On 8 June 2010, Hong Kong Airlines completed their flight certification from Hong Kong to Beijing, earning an air operator's certificate for the Airbus A330 operations from the Hong Kong Civil Aviation Department. Scheduled flights to Moscow were launched later that month.

In September 2010, the airline introduced its first Airbus A330F cargo freighter, on a route from Hong Kong to Hangzhou. It officially joined the IATA the next month.

In 2011, Hong Kong Airlines was awarded a 4-star rating by Skytrax. Its passenger traffic exceeded one million, serving 19 destinations.

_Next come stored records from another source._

lemma quad_form_lincomb_eigenvectors:
  assumes "orthonormal_on S I v" "finite I"
    and eig: "\<And>i a. i \<in> I \<Longrightarrow> a \<in> S \<Longrightarrow> (\<Sum>b\<in>S. M a b * v i b) = \<mu> i * v i a"
  shows "quad_form S M (lincomb I c v) = (\<Sum>i\<in>I. (c i)\<^sup>2 * \<mu> i)"
proof -
  let ?y = "lincomb I c v"
  have My: "(\<Sum>b\<in>S. M a b * ?y b) = (\<Sum>i\<in>I. c i * \<mu> i * v i a)" if "a \<in> S" for a
  proof -
    have "(\<Sum>b\<in>S. M a b * ?y b) = (\<Sum>i\<in>I. c i * (\<Sum>b\<in>S. M a b * v i b))"
      unfolding lincomb_def by (simp add: sum_distrib_left sum.swap[of _ S] algebra_simps)
    also have "\<dots> = (\<Sum>i\<in>I. c i * \<mu> i * v i a)" by (rule sum.cong) (use eig that in auto)
    finally show ?thesis .
  qed
  have "quad_form S M ?y = (\<Sum>a\<in>S. ?y a * (\<Sum>b\<in>S. M a b * ?y b))"
    unfolding quad_form_def by (simp add: sum_distrib_left algebra_simps)
  also have "\<dots> = (\<Sum>a\<in>S. ?y a * (\<Sum>i\<in>I. c i * \<mu> i * v i a))" by (rule sum.cong) (simp_all add: My)
  also have "\<dots> = (\<Sum>i\<in>I. c i * \<mu> i * inner_on S (v i) ?y)"
    unfolding inner_on_def by (simp add: sum_distrib_left sum.swap[of _ S] algebra_simps)
  finally show ?thesis using assms by (simp add: inner_on_lincomb_orthonormal power2_eq_square mult_ac)
qed

lemma quad_form_matrix_cong:
  "(\<And>a b. a \<in> S \<Longrightarrow> b \<in> S \<Longrightarrow> M a b = M' a b) \<Longrightarrow> quad_form S M x = quad_form S M' x"
  unfolding quad_form_def by (intro sum.cong) auto
theorem berge_triangle_free_card_le:
  assumes "finite V" and H: "\<forall>e\<in>H. e \<subseteq> V \<and> card e = 3" and "\<not> berge_triangle H"
  shows "8 * card H \<le> card V ^ 2"
proof -
  have "finite H"
    using H \<open>finite V\<close> finite_subset[of H "Pow V"] by auto
  have "\<forall>e\<in>H. \<exists>T. T \<subseteq> private_pairs H e \<and> card T = 2"
    using two_le_card_private_pairs[of H] H \<open>\<not> berge_triangle H\<close>
    by (meson obtain_subset_with_card_n)
  then obtain P where P: "\<And>e. e \<in> H \<Longrightarrow> P e \<subseteq> private_pairs H e \<and> card (P e) = 2"
    by metis
  define G where "G = (\<Union>e\<in>H. P e)"
  have "card G = (\<Sum>e\<in>H. card (P e))"
    unfolding G_def
  proof (rule card_UN_disjoint[OF \<open>finite H\<close>])
    show "\<forall>e\<in>H. finite (P e)"
      using P by (simp add: card_ge_0_finite)
    show "\<forall>e\<in>H. \<forall>e'\<in>H. e \<noteq> e' \<longrightarrow> P e \<inter> P e' = {}"
      using P private_pairsD(1,3) by blast
  qed
  then have "card G = 2 * card H"
    using P by simp
  moreover have "G \<subseteq> {p. p \<subseteq> V \<and> card p = 2}"
  proof
    fix p assume "p \<in> G"
    then obtain e where "e \<in> H" "p \<in> private_pairs H e"
      using P unfolding G_def by blast
    then show "p \<in> {p. p \<subseteq> V \<and> card p = 2}"
      using H private_pairsD(1,2) by fastforce
  qed
  moreover have "triangle_free G"
    unfolding G_def using \<open>\<not> berge_triangle H\<close> P by (intro triangle_free_UN_private_pairs) auto
  ultimately show ?thesis
    using mantel[OF \<open>finite V\<close>, of G] by simp
qed

subsection \<open>Upper bounds by counting\<close>

lemma card_complete_edges: "card (complete_edges r n) = n choose r"
  unfolding complete_edges_def using n_subsets[of "{0..<n}" r] by simp

lemma berge_arrows_K3_if_card:
  assumes "k * n ^ 2 < 8 * (n choose 3)"
  shows "berge_arrows K3_V K3_E 3 k n"
  unfolding berge_arrows_def
proof (intro allI impI)
  fix c :: "nat set \<Rightarrow> nat"
  assume colour: "\<forall>e\<in>complete_edges 3 n. c e < k"
  define C where "C i = {e \<in> complete_edges 3 n. c e = i}" for i
  have C_edges: "\<forall>e\<in>C i. e \<subseteq> {0..<n} \<and> card e = 3" for i
    unfolding C_def complete_edges_def by auto
  obtain i where "berge_triangle (C i)"
  proof (rule ccontr)
    assume "\<not> thesis"
    then have "8 * card (C i) \<le> n ^ 2" for i
      using berge_triangle_free_card_le[of "{0..<n}" "C i"] C_edges that by auto
    then have "8 * (\<Sum>i<k. card (C i)) \<le> k * n ^ 2"
      using sum_mono[of "{..<k}" "\<lambda>i. 8 * card (C i)" "\<lambda>_. n ^ 2"] by (simp add: sum_distrib_left)
    moreover have "complete_edges 3 n = (\<Union>i<k. C i)"
      unfolding C_def using colour by auto
    then have "n choose 3 \<le> (\<Sum>i<k. card (C i))"
      unfolding card_complete_edges[symmetric] by (simp add: card_UN_le)
    ultimately show False
      using assms by linarith
  qed
  then have "is_berge K3_V K3_E {0..<n} (C i)"
    using is_berge_K3_iff C_edges by blast
  moreover have "C i \<subseteq> complete_edges 3 n" "\<forall>e\<in>C i. c e = i"
    unfolding C_def by auto
  ultimately show "\<exists>V E. V \<subseteq> {0..<n} \<and> E \<subseteq> complete_edges 3 n \<and> (\<forall>e\<in>E. e \<subseteq> V) \<and>
      (\<exists>i. \<forall>e\<in>E. c e = i) \<and> is_berge K3_V K3_E V E"
    using C_edges by (intro exI[of _ "{0..<n}"] exI[of _ "C i"]) auto
qed

lemma berge_arrows_mono:
  assumes "berge_arrows VG EG r k n" "n \<le> m"
  shows "berge_arrows VG EG r k m"
  unfolding berge_arrows_def
proof (intro allI impI)
  fix c :: "nat set \<Rightarrow> nat"
  assume colour: "\<forall>e\<in>complete_edges r m. c e < k"
  have sub: "complete_edges r n \<subseteq> complete_edges r m"
    using assms(2) unfolding complete_edges_def by auto
  then have "\<forall>e\<in>complete_edges r n. c e < k"
    using colour by blast
  then obtain V E where "V \<subseteq> {0..<n}" "E \<subseteq> complete_edges r n" "\<forall>e\<in>E. e \<subseteq> V"
    "\<exists>i. \<forall>e\<in>E. c e = i" "is_berge VG EG V E"
    using assms(1) unfolding berge_arrows_def by (elim allE[of _ c] impE) blast+
  moreover have "V \<subseteq> {0..<m}" "E \<subseteq> complete_edges r m"
    using calculation(1,2) sub assms(2) by auto
  ultimately show "\<exists>V E. V \<subseteq> {0..<m} \<and> E \<subseteq> complete_edges r m \<and> (\<forall>e\<in>E. e \<subseteq> V) \<and>
      (\<exists>i. \<forall>e\<in>E. c e = i) \<and> is_berge VG EG V E"
    by (intro exI[of _ V] exI[of _ E]) simp
qed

On 8 March 2012, the airline launched daily flights from Hong Kong to London Gatwick Airport with an Airbus A330-200 aircraft. It operated as an all-Club Class service, featuring 34 "Club Premier" (business class lie-flat beds) and 82 "Club Classic" (cradle style recliner business class) seats. The service lasted only six months.

=== 2012–2016: Repositioning ===
In 2013, Hong Kong Airlines concluded a system-wide strategy review to determine its priority routes for the immediate future with key focus areas on the Asia–Pacific region during this period. One new route was established when the Hong Kong–Maldives service was inaugurated. Total passenger traffic had reached over four million and the last of its Boeing aircraft were retired.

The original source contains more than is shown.